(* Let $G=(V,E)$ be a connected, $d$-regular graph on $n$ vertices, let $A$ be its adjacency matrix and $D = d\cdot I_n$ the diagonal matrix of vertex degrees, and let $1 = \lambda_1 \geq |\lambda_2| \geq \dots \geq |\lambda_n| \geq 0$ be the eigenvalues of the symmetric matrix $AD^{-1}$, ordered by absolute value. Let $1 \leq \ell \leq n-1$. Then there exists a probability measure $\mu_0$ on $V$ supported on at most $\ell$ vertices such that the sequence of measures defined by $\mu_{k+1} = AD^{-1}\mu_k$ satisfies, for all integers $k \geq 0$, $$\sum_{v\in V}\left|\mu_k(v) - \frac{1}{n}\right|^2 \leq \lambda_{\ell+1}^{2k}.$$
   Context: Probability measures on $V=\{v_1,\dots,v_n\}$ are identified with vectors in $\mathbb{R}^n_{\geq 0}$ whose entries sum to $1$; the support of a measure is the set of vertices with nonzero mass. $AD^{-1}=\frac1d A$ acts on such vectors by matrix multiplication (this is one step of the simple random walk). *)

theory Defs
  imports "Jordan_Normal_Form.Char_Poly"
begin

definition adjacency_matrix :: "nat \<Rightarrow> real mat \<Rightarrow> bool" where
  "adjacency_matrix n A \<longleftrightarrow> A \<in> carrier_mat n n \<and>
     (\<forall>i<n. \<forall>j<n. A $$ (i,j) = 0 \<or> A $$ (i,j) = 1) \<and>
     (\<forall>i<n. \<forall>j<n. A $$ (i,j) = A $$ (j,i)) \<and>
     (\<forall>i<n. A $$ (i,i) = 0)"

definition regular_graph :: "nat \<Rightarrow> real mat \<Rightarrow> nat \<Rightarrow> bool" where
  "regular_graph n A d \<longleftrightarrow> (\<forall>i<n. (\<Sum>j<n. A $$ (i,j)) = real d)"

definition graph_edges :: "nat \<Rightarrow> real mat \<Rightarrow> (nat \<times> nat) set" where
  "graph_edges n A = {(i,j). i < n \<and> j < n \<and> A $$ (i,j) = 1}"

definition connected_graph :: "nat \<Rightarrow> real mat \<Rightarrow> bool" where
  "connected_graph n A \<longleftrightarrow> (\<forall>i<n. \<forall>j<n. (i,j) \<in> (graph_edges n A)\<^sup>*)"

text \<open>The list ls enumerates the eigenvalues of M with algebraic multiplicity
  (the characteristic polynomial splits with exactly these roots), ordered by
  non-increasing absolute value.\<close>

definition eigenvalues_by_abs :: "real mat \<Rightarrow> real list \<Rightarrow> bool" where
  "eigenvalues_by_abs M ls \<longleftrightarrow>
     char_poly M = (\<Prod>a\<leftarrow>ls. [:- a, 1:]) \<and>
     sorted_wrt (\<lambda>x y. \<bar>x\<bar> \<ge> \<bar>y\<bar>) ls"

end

PROBLEM REQUIREMENTS –
Give again, word for word, every line of the listing above from the one with "theory Defs" to the one with "(\<forall>i<n. \<forall>j<n. A $$ (i,j) = 0", both inclusive, and nothing beyond them.

ANSWER SECTION –
theory Defs
  imports "Jordan_Normal_Form.Char_Poly"
begin

definition adjacency_matrix :: "nat \<Rightarrow> real mat \<Rightarrow> bool" where
  "adjacency_matrix n A \<longleftrightarrow> A \<in> carrier_mat n n \<and>
     (\<forall>i<n. \<forall>j<n. A $$ (i,j) = 0 \<or> A $$ (i,j) = 1) \<and>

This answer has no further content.